## <center>Pleasantly Parallel</center>
### <center> Linh B. Ngo </center>
### <center> CPSC 3620 </center>

- Embarrassingly parallel/naturally parallel/pleasantly parallel
- “A computation that can obviously be divided into a number of completely different parts, each of which can be executed by a separate process.”


- No communication or very little communication among the processes.
- Each process can do its tasks without any interaction with the other processes.
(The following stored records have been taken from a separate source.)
(* Let $(\mathbf H\oplus\mathbf V,\bullet)$ be the Lie group with product $(h,v)\bullet(h',v')=(h+h',\ \rho(h)v'+v)$, where $\rho:\mathbf H\to GL(\mathbf V)$ is a representation of the additive group $\mathbf H$. Let $\pi$ be a multiplicative Poisson bivector field on this group (i.e. a Poisson–Lie structure), and let $\pi^{ij}(h,v)$ denote its components with respect to linear coordinates $(h^k)$ on $\mathbf H$ and $(v^l)$ on $\mathbf V$. Then for every $k$, the bivector field with components $\partial\pi^{ij}/\partial h^k$ is left-invariant, and for every $l$, the bivector field with components $\partial\pi^{ij}/\partial v^l$ is right-invariant on the group.
   Context: $\mathbf H,\mathbf V$ are finite-dimensional real vector spaces, $\mathbf H$ regarded as a commutative group under addition. In these linear coordinates, for every $h'\in\mathbf H$ the constant vector field $(h',0)$ is left-invariant, and for every $v'\in\mathbf V$ the constant vector field $(0,v')$ is right-invariant. *)

theory Defs
  imports "HOL-Analysis.Analysis"
begin

definition pd :: "'a::euclidean_space \<Rightarrow> ('a \<Rightarrow> real) \<Rightarrow> 'a \<Rightarrow> real" where
  "pd b f x = frechet_derivative f (at x) b"

fun Ck :: "nat \<Rightarrow> ('a::euclidean_space \<Rightarrow> real) \<Rightarrow> bool" where
  "Ck 0 f = continuous_on UNIV f"
| "Ck (Suc n) f = ((\<forall>x. f differentiable (at x)) \<and> (\<forall>b\<in>Basis. Ck n (pd b f)))"

definition smooth :: "('a::euclidean_space \<Rightarrow> real) \<Rightarrow> bool" where
  "smooth f \<longleftrightarrow> (\<forall>n. Ck n f)"

text \<open>Coordinates on H \<oplus> V are indexed by 'm + 'n: Inl k is h^k, Inr l is v^l.\<close>

fun cvec :: "('m::finite + 'n::finite) \<Rightarrow> (real^'m) \<times> (real^'n)" where
  "cvec (Inl k) = (axis k 1, 0)"
| "cvec (Inr l) = (0, axis l 1)"

fun coord :: "('m::finite + 'n::finite) \<Rightarrow> (real^'m) \<times> (real^'n) \<Rightarrow> real" where
  "coord (Inl k) p = fst p $ k"
| "coord (Inr l) p = snd p $ l"

definition pdc :: "('m::finite + 'n::finite) \<Rightarrow> ((real^'m) \<times> (real^'n) \<Rightarrow> real)
    \<Rightarrow> (real^'m) \<times> (real^'n) \<Rightarrow> real" where
  "pdc a f x = pd (cvec a) f x"

definition gmult :: "(real^'m::finite \<Rightarrow> real^'n::finite^'n) \<Rightarrow> (real^'m) \<times> (real^'n)
    \<Rightarrow> (real^'m) \<times> (real^'n) \<Rightarrow> (real^'m) \<times> (real^'n)" where
  "gmult \<rho> g g' = (fst g + fst g', \<rho> (fst g) *v snd g' + snd g)"

definition smooth_rep :: "(real^'m::finite \<Rightarrow> real^'n::finite^'n) \<Rightarrow> bool" where
  "smooth_rep \<rho> \<longleftrightarrow> \<rho> 0 = mat 1 \<and> (\<forall>h h'. \<rho> (h + h') = \<rho> h ** \<rho> h')
      \<and> (\<forall>i j. smooth (\<lambda>h. \<rho> h $ i $ j))"

type_synonym ('m,'n) bivf = "(real^'m) \<times> (real^'n) \<Rightarrow> ('m + 'n) \<Rightarrow> ('m + 'n) \<Rightarrow> real"

definition bivector_field :: "('m::finite,'n::finite) bivf \<Rightarrow> bool" where
  "bivector_field P \<longleftrightarrow> (\<forall>x i j. P x i j = - P x j i) \<and> (\<forall>i j. smooth (\<lambda>x. P x i j))"

definition jac :: "((real^'m::finite) \<times> (real^'n::finite) \<Rightarrow> (real^'m) \<times> (real^'n))
    \<Rightarrow> (real^'m) \<times> (real^'n) \<Rightarrow> ('m + 'n) \<Rightarrow> ('m + 'n) \<Rightarrow> real" where
  "jac F x a b = pdc b (\<lambda>y. coord a (F y)) x"

definition push :: "((real^'m::finite) \<times> (real^'n::finite) \<Rightarrow> (real^'m) \<times> (real^'n))
    \<Rightarrow> (real^'m) \<times> (real^'n) \<Rightarrow> (('m + 'n) \<Rightarrow> ('m + 'n) \<Rightarrow> real)
    \<Rightarrow> ('m + 'n) \<Rightarrow> ('m + 'n) \<Rightarrow> real" where
  "push F x P a b = (\<Sum>i\<in>UNIV. \<Sum>j\<in>UNIV. jac F x a i * P i j * jac F x b j)"

definition poisson :: "('m::finite,'n::finite) bivf \<Rightarrow> bool" where
  "poisson P \<longleftrightarrow> bivector_field P \<and>
     (\<forall>x i j k. (\<Sum>l\<in>UNIV. P x i l * pdc l (\<lambda>y. P y j k) x
                          + P x j l * pdc l (\<lambda>y. P y k i) x
                          + P x k l * pdc l (\<lambda>y. P y i j) x) = 0)"

definition multiplicative :: "(real^'m::finite \<Rightarrow> real^'n::finite^'n) \<Rightarrow> ('m,'n) bivf \<Rightarrow> bool" where
  "multiplicative \<rho> P \<longleftrightarrow> (\<forall>g g' a b. P (gmult \<rho> g g') a b =
       push (gmult \<rho> g) g' (P g') a b + push (\<lambda>y. gmult \<rho> y g') g (P g) a b)"

definition left_invariant :: "(real^'m::finite \<Rightarrow> real^'n::finite^'n) \<Rightarrow> ('m,'n) bivf \<Rightarrow> bool" where
  "left_invariant \<rho> X \<longleftrightarrow> (\<forall>g g' a b. X (gmult \<rho> g g') a b = push (gmult \<rho> g) g' (X g') a b)"

definition right_invariant :: "(real^'m::finite \<Rightarrow> real^'n::finite^'n) \<Rightarrow> ('m,'n) bivf \<Rightarrow> bool" where
  "right_invariant \<rho> X \<longleftrightarrow> (\<forall>g g' a b. X (gmult \<rho> g g') a b = push (\<lambda>y. gmult \<rho> y g') g (X g) a b)"

end

theory Submission
  imports Defs
begin

text \<open>
  Left translations commute with translations along \<open>H\<close>, and right translations commute with
  translations along \<open>V\<close>. Translating the argument \<open>g'\<close> of the multiplicativity identity
  \<open>\<pi>(g \<bullet> g') = (L\<^sub>g)\<^sub>* \<pi>(g') + (R\<^sub>g\<^sub>')\<^sub>* \<pi>(g)\<close> by \<open>t e\<^sub>k\<close> with \<open>e\<^sub>k \<in> H\<close> therefore translates \<open>g \<bullet> g'\<close> by \<open>t e\<^sub>k\<close>,
  leaves both Jacobians unchanged and leaves the second summand constant. Differentiating in \<open>t\<close>
  at \<open>0\<close> gives \<open>\<partial>\<^sub>k \<pi>(g \<bullet> g') = (L\<^sub>g)\<^sub>* \<partial>\<^sub>k \<pi>(g')\<close>. Symmetrically, translating \<open>g\<close> along \<open>V\<close> gives
  right invariance of \<open>\<partial>\<pi>/\<partial>v\<^sup>l\<close>.
\<close>

lemma has_derivative_add_const_iff:
  "((\<lambda>y. F y + c) has_derivative F') net \<longleftrightarrow> (F has_derivative F') net"
proof
  assume "((\<lambda>y. F y + c) has_derivative F') net"
  then show "(F has_derivative F') net"
    using has_derivative_add_const[of "\<lambda>y. F y + c" F' net "- c"] by simp
qed (rule has_derivative_add_const)

lemma frechet_derivative_add_const:
  "frechet_derivative (\<lambda>y. F y + c) net = frechet_derivative F net"
  unfolding frechet_derivative_def has_derivative_add_const_iff ..

lemma has_derivative_translate:
  fixes F :: "'a::real_normed_vector \<Rightarrow> 'b::real_normed_vector"
  assumes "(F has_derivative F') (at (x + d))"
  shows "((\<lambda>y. F (y + d)) has_derivative F') (at x)"
proof -
  have "((\<lambda>y. y + d) has_derivative (\<lambda>y. y)) (at x)"
    by (auto intro!: derivative_eq_intros)
  from has_derivative_compose[OF this assms] show ?thesis .
qed

lemma frechet_derivative_translate:
  fixes F :: "'a::real_normed_vector \<Rightarrow> 'b::real_normed_vector"
  assumes "\<And>y. F (y + d) = F y + c"
  shows "frechet_derivative F (at (x + d)) = frechet_derivative F (at x)"
proof -
  have "(F has_derivative F') (at (x + d)) \<longleftrightarrow> (F has_derivative F') (at x)" for F'
  proof
    assume "(F has_derivative F') (at (x + d))"
    then have "((\<lambda>y. F (y + d)) has_derivative F') (at x)"
      by (rule has_derivative_translate)
    then have "((\<lambda>y. F y + c) has_derivative F') (at x)"
      by (simp only: assms)
    then show "(F has_derivative F') (at x)"
      by (simp only: has_derivative_add_const_iff)
  next
    assume "(F has_derivative F') (at x)"
    then have "((\<lambda>y. F (y + d)) has_derivative F') (at (x + d + - d))"
      using has_derivative_add_const[of F F' "at x" c] by (simp add: assms)
    then have "((\<lambda>y. F (y + - d + d)) has_derivative F') (at (x + d))"
      by (rule has_derivative_translate)
    then show "(F has_derivative F') (at (x + d))"
      by simp
  qed
  then show ?thesis
    unfolding frechet_derivative_def by simp
qed

lemma pd_has_real_derivative:
  fixes f :: "'a::euclidean_space \<Rightarrow> real"
  assumes "f differentiable (at x)"
  shows "((\<lambda>t. f (x + t *\<^sub>R b)) has_real_derivative pd b f x) (at 0)"
proof -
  have line: "((\<lambda>t::real. x + t *\<^sub>R b) has_derivative (\<lambda>t. t *\<^sub>R b)) (at 0)"
    by (auto intro!: derivative_eq_intros)
  have "(f has_derivative frechet_derivative f (at x)) (at (x + 0 *\<^sub>R b))"
    using frechet_derivative_works[THEN iffD1, OF assms] by simp
  from has_derivative_compose[OF line this]
  have "((\<lambda>t. f (x + t *\<^sub>R b)) has_derivative (\<lambda>t. frechet_derivative f (at x) (t *\<^sub>R b))) (at 0)" .
  moreover have "(\<lambda>t. frechet_derivative f (at x) (t *\<^sub>R b)) = (*) (pd b f x)"
    using linear_frechet_derivative[OF assms] by (auto simp: pd_def linear_scale mult.commute)
  ultimately show ?thesis
    by (simp add: has_field_derivative_def)
qed

lemma smooth_differentiable: "smooth f \<Longrightarrow> f differentiable (at x)"
  unfolding smooth_def using Ck.simps(2)[of 0 f] by blast

lemma poisson_differentiable: "poisson P \<Longrightarrow> (\<lambda>y. P y i j) differentiable (at x)"
  unfolding poisson_def bivector_field_def by (blast intro: smooth_differentiable)

lemma coord_add: "coord a (p + q) = coord a p + coord a q"
  by (cases a) auto

lemma jac_add_const: "jac (\<lambda>y. F y + c) = jac F"
  by (intro ext) (simp add: jac_def pdc_def pd_def coord_add frechet_derivative_add_const)

lemma jac_translate:
  assumes "\<And>y. F (y + d) = F y + c"
  shows "jac F (x + d) = jac F x"
proof -
  have "\<And>a y. coord a (F (y + d)) = coord a (F y) + coord a c"
    using assms by (simp add: coord_add)
  then show ?thesis
    by (intro ext) (simp add: jac_def pdc_def pd_def frechet_derivative_translate)
qed

lemma push_has_real_derivative:
  assumes "\<And>i j. ((\<lambda>t. P t i j) has_real_derivative D i j) (at 0)"
  shows "((\<lambda>t. push F x (P t) a b) has_real_derivative push F x D a b) (at 0)"
  unfolding push_def by (intro DERIV_sum DERIV_cmult DERIV_cmult_right assms)

text \<open>
  The Jacobian of \<open>F\<close> is evaluated at the fixed point \<open>z\<close>, so \<open>F\<close> need not be differentiable.
\<close>
lemma pd_eq_push_pd:
  fixes Q :: "('m::finite, 'n::finite) bivf"
  assumes "f differentiable (at x)"
    and "\<And>i j. (\<lambda>y. Q y i j) differentiable (at y)"
    and "\<And>t. f (x + t *\<^sub>R e) = push F z (Q (y + t *\<^sub>R e)) a b + C"
  shows "pd e f x = push F z (\<lambda>i j. pd e (\<lambda>y. Q y i j) y) a b"
proof (rule DERIV_unique)
  show "((\<lambda>t. f (x + t *\<^sub>R e)) has_real_derivative pd e f x) (at 0)"
    using assms(1) by (rule pd_has_real_derivative)
  have "((\<lambda>t. push F z (Q (y + t *\<^sub>R e)) a b + C) has_real_derivative
      push F z (\<lambda>i j. pd e (\<lambda>y. Q y i j) y) a b + 0) (at 0)"
    by (intro DERIV_add DERIV_const push_has_real_derivative pd_has_real_derivative assms(2))
  then show "((\<lambda>t. f (x + t *\<^sub>R e)) has_real_derivative
      push F z (\<lambda>i j. pd e (\<lambda>y. Q y i j) y) a b) (at 0)"
    by (simp add: assms(3))
qed

lemma gmult_add_right_H: "snd d = 0 \<Longrightarrow> gmult \<rho> g (g' + d) = gmult \<rho> g g' + d"
  by (simp add: gmult_def prod_eq_iff add.assoc)

lemma gmult_add_left_V: "fst d = 0 \<Longrightarrow> gmult \<rho> (g + d) g' = gmult \<rho> g g' + d"
  by (simp add: gmult_def prod_eq_iff add.assoc)

lemma multiplicative_add_H:
  assumes "multiplicative \<rho> P" and "snd d = 0"
  shows "P (gmult \<rho> g g' + d) a b
    = push (gmult \<rho> g) g' (P (g' + d)) a b + push (\<lambda>y. gmult \<rho> y g') g (P g) a b"
proof -
  have "jac (gmult \<rho> g) (g' + d) = jac (gmult \<rho> g) g'"
    using assms(2) by (intro jac_translate[where c = d] gmult_add_right_H)
  moreover have "jac (\<lambda>y. gmult \<rho> y (g' + d)) = jac (\<lambda>y. gmult \<rho> y g')"
    using assms(2) by (simp add: gmult_add_right_H jac_add_const)
  moreover have "P (gmult \<rho> g (g' + d)) a b
    = push (gmult \<rho> g) (g' + d) (P (g' + d)) a b + push (\<lambda>y. gmult \<rho> y (g' + d)) g (P g) a b"
    using assms(1) unfolding multiplicative_def by blast
  ultimately show ?thesis
    using assms(2) by (simp add: push_def gmult_add_right_H)
qed

lemma multiplicative_add_V:
  assumes "multiplicative \<rho> P" and "fst d = 0"
  shows "P (gmult \<rho> g g' + d) a b
    = push (gmult \<rho> g) g' (P g') a b + push (\<lambda>y. gmult \<rho> y g') g (P (g + d)) a b"
proof -
  have "jac (\<lambda>y. gmult \<rho> y g') (g + d) = jac (\<lambda>y. gmult \<rho> y g') g"
    using assms(2) by (intro jac_translate[where c = d] gmult_add_left_V)
  moreover have "gmult \<rho> (g + d) = (\<lambda>y. gmult \<rho> g y + d)"
    using assms(2) by (simp add: gmult_add_left_V fun_eq_iff)
  then have "jac (gmult \<rho> (g + d)) = jac (gmult \<rho> g)"
    by (simp add: jac_add_const)
  moreover have "P (gmult \<rho> (g + d) g') a b
    = push (gmult \<rho> (g + d)) g' (P g') a b + push (\<lambda>y. gmult \<rho> y g') (g + d) (P (g + d)) a b"
    using assms(1) unfolding multiplicative_def by blast
  ultimately show ?thesis
    using assms(2) by (simp add: push_def gmult_add_left_V)
qed

lemma multiplicative_pdc_H_left_invariant:
  assumes "multiplicative \<rho> P" and "\<And>i j x. (\<lambda>y. P y i j) differentiable (at x)"
  shows "left_invariant \<rho> (\<lambda>x i j. pdc (Inl k) (\<lambda>y. P y i j) x)"
  unfolding left_invariant_def pdc_def
proof (intro allI)
  fix g g' a b
  show "pd (cvec (Inl k)) (\<lambda>y. P y a b) (gmult \<rho> g g')
      = push (gmult \<rho> g) g' (\<lambda>i j. pd (cvec (Inl k)) (\<lambda>y. P y i j) g') a b"
    using assms
    by (intro pd_eq_push_pd[where C = "push (\<lambda>y. gmult \<rho> y g') g (P g) a b"]
        multiplicative_add_H) auto
qed

lemma multiplicative_pdc_V_right_invariant:
  assumes "multiplicative \<rho> P" and "\<And>i j x. (\<lambda>y. P y i j) differentiable (at x)"
  shows "right_invariant \<rho> (\<lambda>x i j. pdc (Inr l) (\<lambda>y. P y i j) x)"
  unfolding right_invariant_def pdc_def
proof (intro allI)
  fix g g' a b
  show "pd (cvec (Inr l)) (\<lambda>y. P y a b) (gmult \<rho> g g')
      = push (\<lambda>y. gmult \<rho> y g') g (\<lambda>i j. pd (cvec (Inr l)) (\<lambda>y. P y i j) g) a b"
    using assms
    by (intro pd_eq_push_pd[where C = "push (gmult \<rho> g) g' (P g') a b"])
      (auto simp: multiplicative_add_V add.commute)
qed

theorem lemma3:
  fixes \<rho> :: "real^'m::finite \<Rightarrow> real^'n::finite^'n"
    and \<pi> :: "('m,'n) bivf"
  assumes "smooth_rep \<rho>"
    and "poisson \<pi>"
    and "multiplicative \<rho> \<pi>"
  shows "(\<forall>k. left_invariant \<rho> (\<lambda>x i j. pdc (Inl k) (\<lambda>y. \<pi> y i j) x))
       \<and> (\<forall>l. right_invariant \<rho> (\<lambda>x i j. pdc (Inr l) (\<lambda>y. \<pi> y i j) x))"
  using multiplicative_pdc_H_left_invariant multiplicative_pdc_V_right_invariant
    poisson_differentiable assms(2,3) by blast

end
**Python's NumPy library**
- Supports n-dimensional array
- Provides optimized and vectorized operations on multi-dimensional arrays in large-scale computations

**mpi4py and NumPy**
- lower-case communitation routines (send, recv, gather, scatter, reduce) in mpi4py
operate on Python's original data types with no optimization
- upper-case communication routines (Send, Recv, Bcast, Scatter, Gather, Reduce ...) require
Numpy and have syntax similar to the original MPI_xxxx routines in C

In [1]:
import ipyparallel
c=ipyparallel.Client(profile="mpicluster")
print(c.ids)

[0, 1, 2, 3, 4, 5, 6, 7, 8, 9, 10, 11, 12, 13, 14, 15]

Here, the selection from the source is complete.